> Exercise requirements: Begin with the line in which "thus ?thesis using insert_max_contains_3142[OF" appears and end with the final line of the entries. Retype each one exactly and add nothing.

Saved data entries:
lemma prob_near_junctions:
  assumes "0 \<le> u" "u \<le> 1/6"
  shows "prob {1/3 - u..1/3} = p 0 * right_mass (3 * u)" "prob {1/3..1/3 + u} = p 1 * left_mass (6 * u)"
    "prob {1/2 - u..1/2} = p 1 * right_mass (6 * u)" "prob {1/2..1/2 + u} = p 2 * right_mass (6 * u)"
    "prob {2/3 - u..2/3} = p 2 * left_mass (6 * u)" "prob {2/3..2/3 + u} = p 0 * left_mass (3 * u)"
proof -
  have *: "prob A = p k * prob B"
    if "k < 4" "A \<in> sets borel" "A \<subseteq> cylinder k" "Smap k -` A = B" for k A B
    using prob_in_cylinder[of A k] that by auto
  show "prob {1/3 - u..1/3} = p 0 * right_mass (3 * u)"
    unfolding right_mass_def by (rule *) (use assms in \<open>auto simp: cylinder_eq Smap_def field_simps\<close>)
  show "prob {1/3..1/3 + u} = p 1 * left_mass (6 * u)"
    unfolding left_mass_def by (rule *) (use assms in \<open>auto simp: cylinder_eq Smap_def field_simps\<close>)
  show "prob {1/2 - u..1/2} = p 1 * right_mass (6 * u)"
    unfolding right_mass_def by (rule *) (use assms in \<open>auto simp: cylinder_eq Smap_def field_simps\<close>)
  show "prob {1/2..1/2 + u} = p 2 * right_mass (6 * u)"
    unfolding right_mass_def by (rule *) (use assms in \<open>auto simp: cylinder_eq Smap_def field_simps\<close>)
  show "prob {2/3 - u..2/3} = p 2 * left_mass (6 * u)"
    unfolding left_mass_def by (rule *) (use assms in \<open>auto simp: cylinder_eq Smap_def field_simps\<close>)
  show "prob {2/3..2/3 + u} = p 0 * left_mass (3 * u)"
    unfolding left_mass_def p3_eq_p0[symmetric]
    by (rule *) (use assms in \<open>auto simp: cylinder_eq Smap_def field_simps\<close>)
qed
lemma vector_field_add [simp]:
  "coordwise_differentiable F J \<Longrightarrow> coordwise_differentiable G J \<Longrightarrow>
     vector_field n a b c e (\<lambda>J. F J + G J) J = vector_field n a b c e F J + vector_field n a b c e G J"
  using vector_field_linear[of "\<lambda>J. F J + G J" J 1 F 1 G]
  by (simp add: coordwise_differentiable_def partial_add)

lemma vector_field_diff [simp]:
  "coordwise_differentiable F J \<Longrightarrow> coordwise_differentiable G J \<Longrightarrow>
     vector_field n a b c e (\<lambda>J. F J - G J) J = vector_field n a b c e F J - vector_field n a b c e G J"
  using vector_field_linear[of "\<lambda>J. F J - G J" J 1 F "-1" G]
  by (simp add: coordwise_differentiable_def partial_diff)

lemma vector_field_mult [simp]:
  "coordwise_differentiable F J \<Longrightarrow> coordwise_differentiable G J \<Longrightarrow>
     vector_field n a b c e (\<lambda>J. F J * G J) J
       = vector_field n a b c e F J * G J + F J * vector_field n a b c e G J"
  using vector_field_linear[of "\<lambda>J. F J * G J" J "G J" F "F J" G]
  by (simp add: coordwise_differentiable_def partial_mult algebra_simps)

lemma vector_field_divide [simp]:
  "coordwise_differentiable F J \<Longrightarrow> coordwise_differentiable G J \<Longrightarrow> G J \<noteq> 0 \<Longrightarrow>
     vector_field n a b c e (\<lambda>J. F J / G J) J
       = (vector_field n a b c e F J * G J - F J * vector_field n a b c e G J) / (G J)\<^sup>2"
  using vector_field_linear[of "\<lambda>J. F J / G J" J "1 / G J" F "- F J / (G J)\<^sup>2" G]
  by (simp add: coordwise_differentiable_def partial_divide field_simps power2_eq_square)

lemma vector_field_sum [simp]:
  "finite K \<Longrightarrow> \<forall>i\<in>K. coordwise_differentiable (F i) J \<Longrightarrow>
     vector_field n a b c e (\<lambda>J. \<Sum>i\<in>K. F i J) J = (\<Sum>i\<in>K. vector_field n a b c e (F i) J)"
  unfolding vector_field_def coordwise_differentiable_def
  by (simp add: partial_sum sum_distrib_left sum.distrib) (subst (1 2) sum.swap, simp)
lemma direct_decomposable_insert_max:
  assumes dist: "distinct (xs @ ys)" and set: "set (xs @ ys) = {1..m}" and "xs \<noteq> []"
    and avoid: "avoids (xs @ Suc m # ys) [2,4,1,3]" and dec: "direct_decomposable (xs @ ys)"
  shows "direct_decomposable (xs @ Suc m # ys)"
proof -
  have lxy: "length xs + length ys = m" using distinct_card[OF dist] set by simp
  obtain k where "k \<in> {1..<m}" and "set (take k (xs @ ys)) = {1..k}"
    using dec lxy unfolding direct_decomposable_def direct_cuts_def length_append by blast
  hence k: "0 < k" "k < m" "set (take k (xs @ ys)) = {1..k}" by auto
  have "\<exists>c \<in> {1..<Suc m}. set (take c (xs @ Suc m # ys)) = {1..c}"
  proof (cases "k \<le> length xs")
    case True
    thus ?thesis using k by (intro bexI[of _ k]) auto
  next
    case False
    from dist have "set xs \<inter> set ys = {}" by simp
    thus ?thesis
    proof (cases rule: disjoint_lists_cases)
      case 1
      hence "set xs = {1..card (set xs)}" using set by (intro initial_segment_if_below[of _ "set ys" m]) auto
      thus ?thesis using distinct_card[of xs] dist \<open>xs \<noteq> []\<close> lxy
        by (intro bexI[of _ "length xs"]) auto
    next
      case (2 u v)
      thus ?thesis using insert_max_contains_2413[OF dist set _ k(2,3)] False avoid
        by (simp add: avoids_def)
    qed
  qed
  then obtain c where "c \<in> {1..<Suc m}" "set (take c (xs @ Suc m # ys)) = {1..c}" ..
  hence "c \<in> direct_cuts (xs @ Suc m # ys)" using lxy by (simp add: direct_cuts_def)
  thus ?thesis by (auto simp: direct_decomposable_def)
qed

lemma skew_decomposable_insert_max:
  assumes dist: "distinct (xs @ ys)" and set: "set (xs @ ys) = {1..m}" and "ys \<noteq> []"
    and avoid: "avoids (xs @ Suc m # ys) [3,1,4,2]" and dec: "skew_decomposable (xs @ ys)"
  shows "skew_decomposable (xs @ Suc m # ys)"
proof -
  have lxy: "length xs + length ys = m" using distinct_card[OF dist] set by simp
  obtain k where "k \<in> {1..<m}" and "set (take k (xs @ ys)) = {m - k + 1..m}"
    using dec lxy unfolding skew_decomposable_def skew_cuts_def length_append by blast
  hence k: "0 < k" "k < m" "set (take k (xs @ ys)) = {m - k + 1..m}" by auto
  have "\<exists>c \<in> {1..<Suc m}. set (take c (xs @ Suc m # ys)) = {Suc m - c + 1..Suc m}"
  proof (cases "length xs \<le> k")
    case True
    hence "set (take (k + 1) (xs @ Suc m # ys)) = {m - k + 1..m} \<union> {Suc m}"
      using k(3) by (simp add: Suc_diff_le)
    also have "\<dots> = {Suc m - (k + 1) + 1..Suc m}" using k(2) by auto
    finally show ?thesis using k by (intro bexI[of _ "k + 1"]) auto
  next
    case False
    from dist have "set ys \<inter> set xs = {}" by auto
    thus ?thesis
    proof (cases rule: disjoint_lists_cases)
      case 1
      hence "set ys = {1..card (set ys)}" using set by (intro initial_segment_if_below[of _ "set xs" m]) auto
      hence "set ys = {1..length ys}" using dist by (simp add: distinct_card)
      moreover have "set xs = {1..m} - set ys" using set dist by auto
      ultimately have "set xs = {length ys + 1..m}" by auto
      hence "set (take (length xs + 1) (xs @ Suc m # ys)) = {Suc m - (length xs + 1) + 1..Suc m}"
        using lxy by auto
      thus ?thesis using \<open>ys \<noteq> []\<close> lxy by (intro bexI[of _ "length xs + 1"]) auto
    next
      case (2 v u)
      thus ?thesis using insert_max_contains_3142[OF dist set k(1) _ k(3)] False avoid
        by (simp add: avoids_def)
    qed
  qed
  then obtain c where "c \<in> {1..<Suc m}" "set (take c (xs @ Suc m # ys)) = {Suc m - c + 1..Suc m}" ..
  hence "c \<in> skew_cuts (xs @ Suc m # ys)" using lxy by (simp add: skew_cuts_def)
  thus ?thesis by (auto simp: skew_decomposable_def)
qed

> Exercise solution:
      thus ?thesis using insert_max_contains_3142[OF dist set k(1) _ k(3)] False avoid
        by (simp add: avoids_def)
    qed
  qed
  then obtain c where "c \<in> {1..<Suc m}" "set (take c (xs @ Suc m # ys)) = {Suc m - c + 1..Suc m}" ..
  hence "c \<in> skew_cuts (xs @ Suc m # ys)" using lxy by (simp add: skew_cuts_def)
  thus ?thesis by (auto simp: skew_decomposable_def)
qed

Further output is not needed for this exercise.